With Friends like AOC, Who Needs Enemies?
In 2018 Alexandria Ocasio-Cortez and I both decided to do something bold — we ran for office. But that is where our similarities end.
I ran in Colorado’s HD-44. When I moved here in 2003 Democrats didn’t even bother to run. In 2014 we got a whole 30% of the vote. AOC decided to run in New York’s 14th Congressional district where a ham sandwich with a “D” next to it’s name can comfortably expect to get 70% of the vote.

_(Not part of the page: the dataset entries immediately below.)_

lemma Re_expval_W_se_separable_pure_le:
  assumes sep: "m_separable_pure n m v" and "0 < n" and "2 \<le> m" and "0 \<le> \<alpha>"
  shows "Re (expval (W_se n \<alpha>) v) \<le> max \<alpha> (\<alpha> / 2 ^ (m - 1) + 1)"
proof -
  let ?N = "2 ^ n - 1 :: nat"
  let ?U = "{..<2 ^ n} - {0, ?N}"
  define a where "a l = cmod (v $ l)" for l
  have dim: "dim_vec v = 2 ^ n" and unit: "(\<Sum>l<2 ^ n. (a l)\<^sup>2) = 1"
    using sep unfolding m_separable_pure_def pure_state_def a_def by blast+
  have "0 \<noteq> ?N"
    using one_less_power[of "2::nat" n] \<open>0 < n\<close> by simp
  have split: "(\<Sum>l<2 ^ n. f l) = f 0 + f ?N + sum f ?U" for f :: "nat \<Rightarrow> real"
  proof -
    have "(\<Sum>l<2 ^ n. f l) = f 0 + sum f ({..<2 ^ n} - {0})"
      by (rule sum.remove) simp_all
    moreover have "sum f ({..<2 ^ n} - {0}) = f ?N + sum f ({..<2 ^ n} - {0} - {?N})"
      using \<open>0 \<noteq> ?N\<close> by (intro sum.remove) auto
    moreover have "{..<2 ^ n} - {0} - {?N} = ?U"
      by blast
    ultimately show ?thesis
      by (simp only: add.assoc)
  qed
  define S where "S = (\<Sum>l\<in>?U. (a l)\<^sup>2)"
  define T where "T = (\<Sum>l\<in>?U. a l * a (flip_bits n l))"
  have "T \<le> S"
    unfolding S_def T_def
    by (rule sum_mult_involution_le_sum_squares) (auto simp: flip_bits_def)
  have "(2 ^ m - 2) * (a 0 * a ?N) \<le> T"
    using m_separable_pure_flip_pairs_ge[OF sep] \<open>2 \<le> m\<close> unfolding T_def a_def by simp
  moreover have "2 * (a 0 * a ?N) \<le> (a 0)\<^sup>2 + (a ?N)\<^sup>2"
    using sum_squares_bound[of "a 0" "a ?N"] by (simp add: mult.assoc)
  moreover have "(a 0)\<^sup>2 + (a ?N)\<^sup>2 + S = 1"
    using unit unfolding split S_def .
  moreover have "(4::real) \<le> 2 ^ m"
    using power_increasing[of 2 m "2::real"] \<open>2 \<le> m\<close> by simp
  ultimately have "\<alpha> * ((a 0)\<^sup>2 + (a ?N)\<^sup>2) + 2 * (a 0 * a ?N) + T \<le> max \<alpha> (2 * \<alpha> / 2 ^ m + 1)"
    using \<open>T \<le> S\<close> \<open>0 \<le> \<alpha>\<close> by (intro witness_value_bound) (auto simp: a_def)
  moreover have "2 * \<alpha> / 2 ^ m = \<alpha> / 2 ^ (m - 1)"
    using \<open>2 \<le> m\<close> by (simp add: power_eq_if)
  moreover have "Re (expval (W_se n \<alpha>) v) \<le> \<alpha> * ((a 0)\<^sup>2 + (a ?N)\<^sup>2) + 2 * (a 0 * a ?N) + T"
    using Re_expval_W_se_le[OF dim, of \<alpha>] unfolding split T_def a_def flip_bits_def by simp
  ultimately show ?thesis
    by simp
qed

theorem mainTheorem1:
  fixes n m :: nat and \<alpha> :: real and \<rho> :: "complex mat"
  assumes "n \<ge> 2" and "2 \<le> m" and "m \<le> n"
    and "0 < \<alpha>" and "\<alpha> \<le> 2"
    and "m_separable n m \<rho>"
  shows "Re (mat_trace (\<rho> * W_se n \<alpha>)) \<le> max \<alpha> (\<alpha> / 2 ^ (m - 1) + 1)"
proof -
  obtain K :: nat and p :: "nat \<Rightarrow> real" and v
    where p_nonneg: "\<forall>k<K. 0 \<le> p k" and p_sum: "(\<Sum>k<K. p k) = 1"
    and sep: "\<forall>k<K. m_separable_pure n m (v k)"
    and \<rho>: "\<rho> = mat (2 ^ n) (2 ^ n) (\<lambda>(i, j). \<Sum>k<K. complex_of_real (p k) * proj (v k) $$ (i, j))"
    using \<open>m_separable n m \<rho>\<close> unfolding m_separable_def by blast
  let ?bound = "max \<alpha> (\<alpha> / 2 ^ (m - 1) + 1)"
  have "\<And>k. k < K \<Longrightarrow> dim_vec (v k) = 2 ^ n"
    using sep by (simp add: m_separable_pure_def pure_state_def)
  then have "Re (mat_trace (\<rho> * W_se n \<alpha>)) = (\<Sum>k<K. p k * Re (expval (W_se n \<alpha>) (v k)))"
    unfolding \<rho> by (simp add: mat_trace_mixture_mult Re_sum)
  also have "\<dots> \<le> (\<Sum>k<K. p k * ?bound)"
    using p_nonneg sep Re_expval_W_se_separable_pure_le assms(1,2,4)
    by (intro sum_mono mult_left_mono) auto
  also have "\<dots> = ?bound"
    using p_sum by (simp flip: sum_distrib_right)
  finally show ?thesis .
qed

end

I got 100% of the vote at my primary caucus — which was easy since I ran unopposed. People don’t queue up to run in an un-winnable district. I was met with nothing but smiles, welcome, and encouragement from local Democrats. They knew what I was signing myself up for and wanted me to know how much they appreciated it. AOC’s experience was the exact opposite. NY-14’s incumbent was a ten term House Rep with 31 total years in public office. He was so busy helping arrange resources and training for candidates like me — people trying to flip red seats blue — that he neglected to secure his own primary. That kind of generosity is why his coworkers voted to make him part of the House leadership. They liked him. His door was always open and he always had their backs. AOC told voters that he was out of touch and he didn’t care so they should nominate her. Enough voters believed her that she won the primary. She advanced by taking their colleague down. Her reception was predictably a lot cooler than mine.

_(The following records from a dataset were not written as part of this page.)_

(* For a random subcomplex $X$ of $\triangle_n$ the following are equivalent: (1) $X$ is spatially independent; (2) for all $Y_1,Y_2\in S_n$ with $\mathbb{P}(Y_2\subset X)>0$, $\mathbb{P}(Y_1\subset X\mid Y_2\subset X)=\mathbb{P}(Y_1\subset X\mid Y_1\cap Y_2\subset X)$; (3) for all $Y_1,Y_2\in S_n$ with $\mathbb{P}(Y_1\cap Y_2\subset X)>0$, $\mathbb{P}(Y_1\cup Y_2\subset X\mid Y_1\cap Y_2\subset X)=\mathbb{P}(Y_1\subset X\mid Y_1\cap Y_2\subset X)\,\mathbb{P}(Y_2\subset X\mid Y_1\cap Y_2\subset X)$; (4) for all $Y_1,Y_2,Z\in S_n$ with $Y_1\cap Y_2\subset Z$ and $\mathbb{P}(Z\subset X)>0$, $\mathbb{P}(Y_1\cup Y_2\subset X\mid Z\subset X)=\mathbb{P}(Y_1\subset X\mid Z\subset X)\,\mathbb{P}(Y_2\subset X\mid Z\subset X)$.
   Context: $\triangle_n=2^{[n]}$; $S_n$ is the set of subcomplexes of $\triangle_n$ (families of subsets of $[n]$ closed under taking subsets); a random subcomplex is an $S_n$-valued random variable. $X$ is spatially independent if $\mathbb{P}(Y_1\cup Y_2\subset X)\,\mathbb{P}(Y_1\cap Y_2\subset X)=\mathbb{P}(Y_1\subset X)\,\mathbb{P}(Y_2\subset X)$ for all $Y_1,Y_2\in S_n$. *)

theory Defs
  imports "HOL-Probability.Probability"
begin

definition full_simplex :: "nat \<Rightarrow> nat set set" where
  "full_simplex n = Pow {1..n}"

definition subcomplexes :: "nat \<Rightarrow> nat set set set" where
  "subcomplexes n = {K. K \<subseteq> full_simplex n \<and> (\<forall>\<sigma>\<in>K. \<forall>\<tau>. \<tau> \<subseteq> \<sigma> \<longrightarrow> \<tau> \<in> K)}"

text \<open>A random subcomplex of the n-simplex: a probability distribution on S_n
  (S_n is finite, so every distribution is a pmf).\<close>
definition random_subcomplex :: "nat \<Rightarrow> nat set set pmf \<Rightarrow> bool" where
  "random_subcomplex n X \<longleftrightarrow> set_pmf X \<subseteq> subcomplexes n"

definition contains_ev :: "nat set set \<Rightarrow> nat set set set" where
  "contains_ev Y = {K. Y \<subseteq> K}"

definition Pc :: "nat set set pmf \<Rightarrow> nat set set \<Rightarrow> real" where
  "Pc X Y = measure_pmf.prob X (contains_ev Y)"

definition Pcond :: "nat set set pmf \<Rightarrow> nat set set \<Rightarrow> nat set set \<Rightarrow> real" where
  "Pcond X Y Z = measure_pmf.prob X (contains_ev Y \<inter> contains_ev Z) / Pc X Z"

definition spatially_independent :: "nat \<Rightarrow> nat set set pmf \<Rightarrow> bool" where
  "spatially_independent n X \<longleftrightarrow>
     (\<forall>Y1\<in>subcomplexes n. \<forall>Y2\<in>subcomplexes n.
        Pc X (Y1 \<union> Y2) * Pc X (Y1 \<inter> Y2) = Pc X Y1 * Pc X Y2)"

end

theory Submission
  imports Defs
begin

text \<open>Since containment events satisfy (Y \<subseteq> X and Z \<subseteq> X) = (Y \<union> Z \<subseteq> X), every conditional
  probability is a ratio of two values of Pc, and each condition (2)--(4) is the defining
  identity of spatial independence divided by a positive normalising factor. Whenever that
  factor vanishes, the identity holds trivially because Pc is antitone. For (4), spatial
  independence is applied to Y1 \<union> Z and Y2 \<union> Z, whose intersection is Z once Y1 \<inter> Y2 \<subseteq> Z.\<close>

lemma subcomplexes_Un:
  "A \<in> subcomplexes n \<Longrightarrow> B \<in> subcomplexes n \<Longrightarrow> A \<union> B \<in> subcomplexes n"
  unfolding subcomplexes_def by auto

lemma subcomplexes_Int:
  "A \<in> subcomplexes n \<Longrightarrow> B \<in> subcomplexes n \<Longrightarrow> A \<inter> B \<in> subcomplexes n"
  unfolding subcomplexes_def by auto

lemma Pc_nonneg: "0 \<le> Pc X Y"
  unfolding Pc_def by simp

lemma Pc_antimono: "Y \<subseteq> Y' \<Longrightarrow> Pc X Y' \<le> Pc X Y"
  unfolding Pc_def contains_ev_def
  by (rule measure_pmf.finite_measure_mono) auto

lemma Pcond_eq_Pc_Un: "Pcond X Y Z = Pc X (Y \<union> Z) / Pc X Z"
proof -
  have "contains_ev Y \<inter> contains_ev Z = contains_ev (Y \<union> Z)"
    unfolding contains_ev_def by auto
  then show ?thesis
    unfolding Pcond_def Pc_def by simp
qed

definition spatial_identity :: "nat set set pmf \<Rightarrow> nat set set \<Rightarrow> nat set set \<Rightarrow> bool" where
  "spatial_identity X Y1 Y2 \<longleftrightarrow> Pc X (Y1 \<union> Y2) * Pc X (Y1 \<inter> Y2) = Pc X Y1 * Pc X Y2"

lemma spatially_independent_iff_spatial_identity:
  "spatially_independent n X \<longleftrightarrow>
    (\<forall>Y1\<in>subcomplexes n. \<forall>Y2\<in>subcomplexes n. spatial_identity X Y1 Y2)"
  unfolding spatially_independent_def spatial_identity_def ..

lemma spatial_identity_if_Pc_eq_0:
  assumes "Pc X Y2 = 0"
  shows "spatial_identity X Y1 Y2"
proof -
  have "Pc X (Y1 \<union> Y2) \<le> Pc X Y2"
    by (rule Pc_antimono) auto
  with assms Pc_nonneg[of X "Y1 \<union> Y2"] have "Pc X (Y1 \<union> Y2) = 0"
    by linarith
  with assms show ?thesis
    unfolding spatial_identity_def by simp
qed

lemma Pc_Int_pos_if_Pc_pos: "Pc X Y2 > 0 \<Longrightarrow> Pc X (Y1 \<inter> Y2) > 0"
  using Pc_antimono[of "Y1 \<inter> Y2" Y2 X] by auto

lemma spatially_independent_iff_identity_where:
  assumes pos: "\<And>Y1 Y2. Pc X Y2 > 0 \<Longrightarrow> P Y1 Y2"
  shows "spatially_independent n X \<longleftrightarrow>
    (\<forall>Y1\<in>subcomplexes n. \<forall>Y2\<in>subcomplexes n. P Y1 Y2 \<longrightarrow> spatial_identity X Y1 Y2)"
proof
  assume "\<forall>Y1\<in>subcomplexes n. \<forall>Y2\<in>subcomplexes n. P Y1 Y2 \<longrightarrow> spatial_identity X Y1 Y2"
  then have "spatial_identity X Y1 Y2" if "Y1 \<in> subcomplexes n" "Y2 \<in> subcomplexes n" for Y1 Y2
    using that pos spatial_identity_if_Pc_eq_0 Pc_nonneg[of X Y2]
    by (cases "Pc X Y2 = 0") auto
  then show "spatially_independent n X"
    unfolding spatially_independent_iff_spatial_identity by blast
qed (simp add: spatially_independent_iff_spatial_identity)

lemma Pcond_eq_Pcond_Int_iff:
  assumes "Pc X Y2 > 0"
  shows "Pcond X Y1 Y2 = Pcond X Y1 (Y1 \<inter> Y2) \<longleftrightarrow> spatial_identity X Y1 Y2"
proof -
  have "Pc X (Y1 \<inter> Y2) > 0"
    by (rule Pc_Int_pos_if_Pc_pos[OF assms])
  moreover have "Y1 \<union> (Y1 \<inter> Y2) = Y1"
    by auto
  ultimately show ?thesis
    using assms unfolding Pcond_eq_Pc_Un spatial_identity_def by (simp add: frac_eq_eq)
qed

lemma divide_eq_divide_mult_divide_iff:
  "(d::real) > 0 \<Longrightarrow> a / d = (b / d) * (c / d) \<longleftrightarrow> a * d = b * c"
  by (simp add: field_simps)

lemma Pcond_Un_eq_mult_iff:
  assumes "Pc X (Y1 \<inter> Y2) > 0"
  shows "Pcond X (Y1 \<union> Y2) (Y1 \<inter> Y2) = Pcond X Y1 (Y1 \<inter> Y2) * Pcond X Y2 (Y1 \<inter> Y2)
    \<longleftrightarrow> spatial_identity X Y1 Y2"
proof -
  have "Y1 \<union> (Y1 \<inter> Y2) = Y1" "Y2 \<union> (Y1 \<inter> Y2) = Y2" "Y1 \<union> Y2 \<union> (Y1 \<inter> Y2) = Y1 \<union> Y2"
    by auto
  then show ?thesis
    unfolding Pcond_eq_Pc_Un spatial_identity_def
    by (simp only: divide_eq_divide_mult_divide_iff[OF assms])
qed

lemma Pcond_Un_eq_mult_if_spatially_independent:
  assumes "spatially_independent n X"
    and "Y1 \<in> subcomplexes n" "Y2 \<in> subcomplexes n" "Z \<in> subcomplexes n"
    and "Y1 \<inter> Y2 \<subseteq> Z" "Pc X Z > 0"
  shows "Pcond X (Y1 \<union> Y2) Z = Pcond X Y1 Z * Pcond X Y2 Z"
proof -
  have "Y1 \<union> Z \<in> subcomplexes n" "Y2 \<union> Z \<in> subcomplexes n"
    using assms(2-4) by (auto intro: subcomplexes_Un)
  with assms(1) have "spatial_identity X (Y1 \<union> Z) (Y2 \<union> Z)"
    unfolding spatially_independent_iff_spatial_identity by blast
  moreover have "(Y1 \<union> Z) \<union> (Y2 \<union> Z) = Y1 \<union> Y2 \<union> Z" "(Y1 \<union> Z) \<inter> (Y2 \<union> Z) = Z"
    using assms(5) by auto
  ultimately have "Pc X (Y1 \<union> Y2 \<union> Z) * Pc X Z = Pc X (Y1 \<union> Z) * Pc X (Y2 \<union> Z)"
    unfolding spatial_identity_def by simp
  then show ?thesis
    unfolding Pcond_eq_Pc_Un by (simp only: divide_eq_divide_mult_divide_iff[OF assms(6)])
qed

theorem lemma3p1:
  fixes n :: nat and X :: "nat set set pmf"
  assumes "random_subcomplex n X"
  shows "(spatially_independent n X \<longleftrightarrow>
            (\<forall>Y1\<in>subcomplexes n. \<forall>Y2\<in>subcomplexes n. Pc X Y2 > 0 \<longrightarrow>
               Pcond X Y1 Y2 = Pcond X Y1 (Y1 \<inter> Y2)))
       \<and> (spatially_independent n X \<longleftrightarrow>
            (\<forall>Y1\<in>subcomplexes n. \<forall>Y2\<in>subcomplexes n. Pc X (Y1 \<inter> Y2) > 0 \<longrightarrow>
               Pcond X (Y1 \<union> Y2) (Y1 \<inter> Y2) = Pcond X Y1 (Y1 \<inter> Y2) * Pcond X Y2 (Y1 \<inter> Y2)))
       \<and> (spatially_independent n X \<longleftrightarrow>
            (\<forall>Y1\<in>subcomplexes n. \<forall>Y2\<in>subcomplexes n. \<forall>Z\<in>subcomplexes n.
               Y1 \<inter> Y2 \<subseteq> Z \<longrightarrow> Pc X Z > 0 \<longrightarrow>
               Pcond X (Y1 \<union> Y2) Z = Pcond X Y1 Z * Pcond X Y2 Z))"
    (is "(_ \<longleftrightarrow> ?cond2) \<and> (_ \<longleftrightarrow> ?cond3) \<and> (_ \<longleftrightarrow> ?cond4)")
proof -
  have "spatially_independent n X \<longleftrightarrow> (\<forall>Y1\<in>subcomplexes n. \<forall>Y2\<in>subcomplexes n.
      Pc X Y2 > 0 \<longrightarrow> spatial_identity X Y1 Y2)"
    by (rule spatially_independent_iff_identity_where)
  then have iff2: "spatially_independent n X \<longleftrightarrow> ?cond2"
    by (simp add: Pcond_eq_Pcond_Int_iff)
  have "spatially_independent n X \<longleftrightarrow> (\<forall>Y1\<in>subcomplexes n. \<forall>Y2\<in>subcomplexes n.
      Pc X (Y1 \<inter> Y2) > 0 \<longrightarrow> spatial_identity X Y1 Y2)"
    by (rule spatially_independent_iff_identity_where) (rule Pc_Int_pos_if_Pc_pos)
  then have iff3: "spatially_independent n X \<longleftrightarrow> ?cond3"
    by (simp add: Pcond_Un_eq_mult_iff)
  have "?cond4 \<Longrightarrow> ?cond3"
    by (metis subcomplexes_Int order_refl)
  then have iff4: "spatially_independent n X \<longleftrightarrow> ?cond4"
    using iff3 Pcond_Un_eq_mult_if_spatially_independent by blast
  from iff2 iff3 iff4 show ?thesis
    by blast
qed

end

Another big difference was fundraising. I didn’t do much. Sometimes people who run in hopeless districts have unrealistic expectations and tell people that they need donations to win. I’m uncomfortable with promising people that I’ll win if they give me money when I know it’s a really long shot. I was mostly running to show that winning was possible. If an introverted, face blind, mildly autistic, computer programmer running on a budget of $7,000 could crack 40% then imagine what an actual politician with resources could do! So I had a donation link but I didn’t rattle the can much. My events were held in public parks, libraries and house parties. No phone-banking. No text banking. No barrages of mass mails. Just me, my two feet, and 20 thousand doors to personally knock on while my amazing husband and volunteers wrote stacks and stacks of post cards. AOC, by contrast, raised over 2 million dollars in 2016 (and over 17 million in 2020) to campaign for a seat that is impossible to lose. Money she didn’t need from people who maybe did need it. Most of it from not just out of her district but out of her state.

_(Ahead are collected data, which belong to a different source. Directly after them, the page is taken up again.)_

lemma euler_scheme_stays_outside_second_moment:
  fixes B :: "real \<Rightarrow> 'a \<Rightarrow> real^'d" and c :: real
  assumes P: "prob_space M" and BM: "half_brownian_motion M F B" and \<delta>: "0 \<le> \<delta>" and "r > 0"
    and Z0: "Z0 \<in> borel_measurable (F 0)" and Z0_sq: "integrable M (\<lambda>\<omega>. (norm (Z0 \<omega>))\<^sup>2)"
  defines "Z \<equiv> euler_scheme c \<delta> B Z0" and "A \<equiv> stays_outside (space M) (r / 2) (euler_scheme c \<delta> B Z0)"
  shows "(\<integral>\<omega>. indicator (A k) \<omega> * (norm (Z k \<omega>))\<^sup>2 \<partial>M)
           \<le> (c\<^sup>2 + 2 * real CARD('d) * \<delta> / r\<^sup>2) ^ k * (\<integral>\<omega>. (norm (Z0 \<omega>))\<^sup>2 \<partial>M)"
proof (induction k)
  interpret prob_space M by fact
  have A_sets: "A k \<in> sets (F (real k * \<delta>))" for k
    unfolding A_def using stays_outside_euler_scheme_sets[OF BM \<delta> Z0] .
  then have A_M: "A k \<in> sets M" for k
    using half_brownian_motion_subalgebra[OF BM] by (auto simp: subalgebra_def)
  have Z_sq: "integrable M (\<lambda>\<omega>. (norm (Z k \<omega>))\<^sup>2)" for k
    unfolding Z_def using euler_scheme_square_integrable[OF P BM \<delta> Z0 Z0_sq] .
  {
    case 0
    show ?case
      using integrable_mult_indicator[OF A_M Z0_sq] Z0_sq
      by (simp add: Z_def, intro integral_mono) (auto simp: indicator_def)
  next
    case (Suc k)
    let ?I = "\<integral>\<omega>. indicator (A k) \<omega> * (norm (Z k \<omega>))\<^sup>2 \<partial>M"
    have "0 \<le> real k * \<delta>" "real k * \<delta> \<le> real (Suc k) * \<delta>"
      using \<delta> by (simp_all add: mult_right_mono)
    note step = half_brownian_step_second_moment[OF P BM this
        euler_scheme_adapted[OF BM \<delta> Z0] Z_sq[unfolded Z_def] A_sets, of c]
    have "A (Suc k) \<subseteq> A k"
      by (auto simp: A_def stays_outside_Suc)
    moreover have "integrable M (\<lambda>\<omega>. indicator (A j) \<omega> * (norm (Z (Suc k) \<omega>))\<^sup>2)" for j
      using integrable_mult_indicator[OF A_M[of j] Z_sq[of "Suc k"]] by simp
    ultimately have "(\<integral>\<omega>. indicator (A (Suc k)) \<omega> * (norm (Z (Suc k) \<omega>))\<^sup>2 \<partial>M)
        \<le> (\<integral>\<omega>. indicator (A k) \<omega> * (norm (Z (Suc k) \<omega>))\<^sup>2 \<partial>M)"
      by (intro integral_mono) (auto simp: indicator_def)
    also have "\<dots> = c\<^sup>2 * ?I + measure M (A k) * (real CARD('d) * \<delta> / 2)"
      using step by (simp add: has_bochner_integral_iff Z_def algebra_simps)
    also have "\<dots> \<le> (c\<^sup>2 + 2 * real CARD('d) * \<delta> / r\<^sup>2) * ?I"
    proof -
      have "measure M (A k) * (r / 2)\<^sup>2 \<le> ?I"
        using measure_mult_sq_le_second_moment[OF A_M Z_sq] \<open>r > 0\<close>
        by (auto simp: A_def Z_def stays_outside_def)
      then have "measure M (A k) * (real CARD('d) * \<delta> / 2) \<le> 2 * real CARD('d) * \<delta> / r\<^sup>2 * ?I"
        using \<open>r > 0\<close> \<delta> mult_right_mono[of _ _ "2 * real CARD('d) * \<delta> / r\<^sup>2"]
        by (fastforce simp: field_simps power2_eq_square)
      then show ?thesis
        by (simp add: distrib_right)
    qed
    also have "\<dots> \<le> (c\<^sup>2 + 2 * real CARD('d) * \<delta> / r\<^sup>2) ^ Suc k * (\<integral>\<omega>. (norm (Z0 \<omega>))\<^sup>2 \<partial>M)"
      using Suc.IH \<delta> \<open>r > 0\<close> by (simp add: mult_left_mono mult.assoc)
    finally show ?case .
  }
qed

My general election was a local geography lesson as I pounded pavement up and down my district. Every week I selected some precincts around a park or library and spent the weekdays knocking on every door with invitations to the park for that weekend to learn about my campaign. Course if they wanted to talk right now instead I was quite willing to do that. And when I say every door I mean every door. In a district that is about 45% R, 30% I, and 25% D you have to make a case for every vote. You have to make human connections so that voters see you as a person, not a symbol or a party. AOC’s general election, OTOH, was spent everywhere except her district. Whenever a woman was standing in the way of one of Bernie’s chosen primary candidates he needed another woman to attack them. So he whisked AOC away to campaign against everyone from Sharice Davids in Kansas’s 3rd congressional district to Gretchen Whitmer in Michigan’s gubernatorial primary. You may recall that both these ladies won their primaries and then their general elections. That happened a lot. How would you feel about AOC if you had taken the leap to run for office in 2018 and suddenly she flew in from New York to attack your character and sic twitter on you? It isn’t just the old school dems who have reason to dislike her as a person.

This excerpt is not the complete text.